HOW TO COMPLETE THIS TASK:
From the records below, output exactly the lines running from the line containing "(\<alpha> + \<beta>) \<in>" through the line containing "using convex_onD[OF assms(3)[OF", and no others.

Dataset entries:

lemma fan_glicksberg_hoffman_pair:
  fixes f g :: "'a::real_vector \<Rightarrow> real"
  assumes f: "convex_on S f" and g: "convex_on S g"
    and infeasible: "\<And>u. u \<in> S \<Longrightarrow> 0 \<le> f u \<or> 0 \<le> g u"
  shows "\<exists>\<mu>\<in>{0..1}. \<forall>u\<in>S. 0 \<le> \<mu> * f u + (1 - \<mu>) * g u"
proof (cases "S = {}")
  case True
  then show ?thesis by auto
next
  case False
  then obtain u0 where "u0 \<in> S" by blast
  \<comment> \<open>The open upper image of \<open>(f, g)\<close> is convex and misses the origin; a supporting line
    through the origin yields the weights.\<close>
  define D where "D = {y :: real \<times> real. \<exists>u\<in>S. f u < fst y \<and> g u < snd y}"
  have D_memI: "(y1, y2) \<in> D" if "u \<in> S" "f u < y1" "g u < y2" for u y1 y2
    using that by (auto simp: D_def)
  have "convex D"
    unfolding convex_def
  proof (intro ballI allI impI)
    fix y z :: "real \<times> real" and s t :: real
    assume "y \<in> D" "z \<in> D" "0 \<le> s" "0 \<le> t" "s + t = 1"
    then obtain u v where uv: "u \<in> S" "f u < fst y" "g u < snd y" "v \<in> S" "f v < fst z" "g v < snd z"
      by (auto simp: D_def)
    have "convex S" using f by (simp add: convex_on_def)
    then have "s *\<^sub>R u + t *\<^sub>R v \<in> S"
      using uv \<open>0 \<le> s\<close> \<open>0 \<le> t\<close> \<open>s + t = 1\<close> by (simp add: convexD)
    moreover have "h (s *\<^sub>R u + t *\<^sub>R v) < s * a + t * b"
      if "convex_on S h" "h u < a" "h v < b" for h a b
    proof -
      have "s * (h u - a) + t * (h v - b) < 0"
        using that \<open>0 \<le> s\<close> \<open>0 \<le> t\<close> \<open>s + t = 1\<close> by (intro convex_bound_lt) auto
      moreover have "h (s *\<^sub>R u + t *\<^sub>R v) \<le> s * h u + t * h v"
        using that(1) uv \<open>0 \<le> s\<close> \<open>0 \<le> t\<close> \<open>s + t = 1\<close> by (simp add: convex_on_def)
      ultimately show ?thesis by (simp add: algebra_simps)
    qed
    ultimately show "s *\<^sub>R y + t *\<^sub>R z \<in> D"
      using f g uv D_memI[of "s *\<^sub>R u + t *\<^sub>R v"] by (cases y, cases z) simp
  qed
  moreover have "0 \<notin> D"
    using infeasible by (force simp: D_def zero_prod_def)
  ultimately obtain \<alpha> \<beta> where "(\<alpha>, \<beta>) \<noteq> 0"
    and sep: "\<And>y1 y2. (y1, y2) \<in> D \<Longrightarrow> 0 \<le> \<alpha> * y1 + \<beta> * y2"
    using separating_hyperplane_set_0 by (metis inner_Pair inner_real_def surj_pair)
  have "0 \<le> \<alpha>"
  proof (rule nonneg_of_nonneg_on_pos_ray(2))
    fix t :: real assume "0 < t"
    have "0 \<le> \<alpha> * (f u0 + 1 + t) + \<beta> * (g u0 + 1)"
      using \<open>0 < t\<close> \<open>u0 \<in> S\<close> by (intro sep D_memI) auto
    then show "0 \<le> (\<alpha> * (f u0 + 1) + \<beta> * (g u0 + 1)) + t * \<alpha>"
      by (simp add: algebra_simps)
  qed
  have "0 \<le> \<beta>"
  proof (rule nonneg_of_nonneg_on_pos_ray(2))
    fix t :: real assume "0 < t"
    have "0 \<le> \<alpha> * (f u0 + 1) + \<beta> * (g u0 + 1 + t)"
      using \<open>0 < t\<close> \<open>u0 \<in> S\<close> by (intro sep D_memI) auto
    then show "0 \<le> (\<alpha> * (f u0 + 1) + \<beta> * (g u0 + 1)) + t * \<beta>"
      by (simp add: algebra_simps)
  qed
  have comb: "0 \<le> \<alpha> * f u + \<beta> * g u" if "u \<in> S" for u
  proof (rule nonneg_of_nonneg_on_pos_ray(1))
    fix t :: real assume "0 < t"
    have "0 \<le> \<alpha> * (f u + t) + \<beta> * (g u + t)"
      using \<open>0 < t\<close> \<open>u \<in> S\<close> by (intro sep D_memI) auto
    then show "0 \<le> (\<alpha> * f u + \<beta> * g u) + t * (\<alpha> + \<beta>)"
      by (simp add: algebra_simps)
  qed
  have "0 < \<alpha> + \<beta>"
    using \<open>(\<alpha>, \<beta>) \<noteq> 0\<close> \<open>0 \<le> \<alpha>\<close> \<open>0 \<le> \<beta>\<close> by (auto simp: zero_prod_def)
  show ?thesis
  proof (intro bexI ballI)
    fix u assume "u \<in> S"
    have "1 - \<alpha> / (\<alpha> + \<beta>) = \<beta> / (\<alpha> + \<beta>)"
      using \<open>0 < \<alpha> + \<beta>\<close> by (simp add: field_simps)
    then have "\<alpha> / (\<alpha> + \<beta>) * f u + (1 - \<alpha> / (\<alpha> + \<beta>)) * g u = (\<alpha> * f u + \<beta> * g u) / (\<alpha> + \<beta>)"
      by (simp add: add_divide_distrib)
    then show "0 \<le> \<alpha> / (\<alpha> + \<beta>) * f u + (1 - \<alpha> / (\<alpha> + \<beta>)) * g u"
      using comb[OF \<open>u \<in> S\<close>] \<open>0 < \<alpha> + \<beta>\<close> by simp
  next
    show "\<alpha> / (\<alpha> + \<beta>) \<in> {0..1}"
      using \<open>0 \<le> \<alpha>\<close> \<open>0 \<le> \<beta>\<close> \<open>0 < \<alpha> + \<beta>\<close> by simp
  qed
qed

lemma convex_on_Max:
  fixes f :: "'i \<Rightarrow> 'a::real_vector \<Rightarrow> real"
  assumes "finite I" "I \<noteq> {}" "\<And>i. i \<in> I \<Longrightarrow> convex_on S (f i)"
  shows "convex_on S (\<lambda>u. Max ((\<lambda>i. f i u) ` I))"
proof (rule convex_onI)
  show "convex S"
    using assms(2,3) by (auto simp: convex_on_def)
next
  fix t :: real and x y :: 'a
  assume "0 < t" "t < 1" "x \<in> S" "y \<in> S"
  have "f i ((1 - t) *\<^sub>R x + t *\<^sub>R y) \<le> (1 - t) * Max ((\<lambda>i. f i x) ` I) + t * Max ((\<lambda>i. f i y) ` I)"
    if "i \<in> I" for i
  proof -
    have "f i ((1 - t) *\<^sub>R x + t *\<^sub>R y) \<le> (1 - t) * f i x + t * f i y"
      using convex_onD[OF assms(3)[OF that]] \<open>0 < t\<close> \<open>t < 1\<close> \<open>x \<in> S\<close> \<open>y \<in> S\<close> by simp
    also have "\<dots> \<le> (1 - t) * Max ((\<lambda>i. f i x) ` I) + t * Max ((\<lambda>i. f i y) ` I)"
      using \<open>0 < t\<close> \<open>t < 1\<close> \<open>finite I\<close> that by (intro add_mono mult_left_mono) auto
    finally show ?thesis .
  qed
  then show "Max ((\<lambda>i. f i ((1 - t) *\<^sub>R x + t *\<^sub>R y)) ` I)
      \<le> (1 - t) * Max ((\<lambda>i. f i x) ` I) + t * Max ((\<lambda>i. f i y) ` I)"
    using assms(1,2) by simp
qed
...
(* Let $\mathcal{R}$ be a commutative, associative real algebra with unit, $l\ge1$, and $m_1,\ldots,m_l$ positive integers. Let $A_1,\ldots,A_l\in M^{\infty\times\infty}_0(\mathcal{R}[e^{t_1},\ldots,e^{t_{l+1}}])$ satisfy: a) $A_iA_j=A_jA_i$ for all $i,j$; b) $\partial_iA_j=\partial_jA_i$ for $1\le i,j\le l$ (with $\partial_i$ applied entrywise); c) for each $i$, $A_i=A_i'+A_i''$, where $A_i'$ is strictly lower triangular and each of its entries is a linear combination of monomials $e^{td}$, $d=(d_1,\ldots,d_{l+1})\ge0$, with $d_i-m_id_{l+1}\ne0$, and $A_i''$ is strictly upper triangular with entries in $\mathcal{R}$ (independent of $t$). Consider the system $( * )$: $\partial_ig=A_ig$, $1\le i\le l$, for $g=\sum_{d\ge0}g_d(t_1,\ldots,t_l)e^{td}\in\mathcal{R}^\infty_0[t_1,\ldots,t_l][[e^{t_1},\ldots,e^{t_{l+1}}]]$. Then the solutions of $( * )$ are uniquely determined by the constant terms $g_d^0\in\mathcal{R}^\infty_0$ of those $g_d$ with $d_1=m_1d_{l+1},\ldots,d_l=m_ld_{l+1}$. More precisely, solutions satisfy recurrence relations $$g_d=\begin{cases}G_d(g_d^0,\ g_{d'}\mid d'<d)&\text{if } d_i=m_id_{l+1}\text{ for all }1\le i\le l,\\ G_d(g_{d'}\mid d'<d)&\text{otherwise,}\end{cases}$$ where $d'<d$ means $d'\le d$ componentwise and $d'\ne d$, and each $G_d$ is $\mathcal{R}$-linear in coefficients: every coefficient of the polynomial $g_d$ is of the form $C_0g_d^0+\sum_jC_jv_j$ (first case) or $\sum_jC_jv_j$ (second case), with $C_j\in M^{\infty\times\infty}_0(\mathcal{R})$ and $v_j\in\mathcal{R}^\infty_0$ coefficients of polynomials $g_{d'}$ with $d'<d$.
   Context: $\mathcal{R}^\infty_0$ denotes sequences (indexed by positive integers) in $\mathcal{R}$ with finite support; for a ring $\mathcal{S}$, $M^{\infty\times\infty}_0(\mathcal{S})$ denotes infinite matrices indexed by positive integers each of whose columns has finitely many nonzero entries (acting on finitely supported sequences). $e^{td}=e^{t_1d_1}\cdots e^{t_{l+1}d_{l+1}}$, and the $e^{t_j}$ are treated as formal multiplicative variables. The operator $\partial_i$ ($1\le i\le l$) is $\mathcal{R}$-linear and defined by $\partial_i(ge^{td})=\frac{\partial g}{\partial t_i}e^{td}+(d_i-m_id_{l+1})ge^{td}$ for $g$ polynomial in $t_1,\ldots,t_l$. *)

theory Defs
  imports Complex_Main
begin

EXPECTED ANSWER:
    show "\<alpha> / (\<alpha> + \<beta>) \<in> {0..1}"
      using \<open>0 \<le> \<alpha>\<close> \<open>0 \<le> \<beta>\<close> \<open>0 < \<alpha> + \<beta>\<close> by simp
  qed
qed

lemma convex_on_Max:
  fixes f :: "'i \<Rightarrow> 'a::real_vector \<Rightarrow> real"
  assumes "finite I" "I \<noteq> {}" "\<And>i. i \<in> I \<Longrightarrow> convex_on S (f i)"
  shows "convex_on S (\<lambda>u. Max ((\<lambda>i. f i u) ` I))"
proof (rule convex_onI)
  show "convex S"
    using assms(2,3) by (auto simp: convex_on_def)
next
  fix t :: real and x y :: 'a
  assume "0 < t" "t < 1" "x \<in> S" "y \<in> S"
  have "f i ((1 - t) *\<^sub>R x + t *\<^sub>R y) \<le> (1 - t) * Max ((\<lambda>i. f i x) ` I) + t * Max ((\<lambda>i. f i y) ` I)"
    if "i \<in> I" for i
  proof -
    have "f i ((1 - t) *\<^sub>R x + t *\<^sub>R y) \<le> (1 - t) * f i x + t * f i y"
      using convex_onD[OF assms(3)[OF that]] \<open>0 < t\<close> \<open>t < 1\<close> \<open>x \<in> S\<close> \<open>y \<in> S\<close> by simp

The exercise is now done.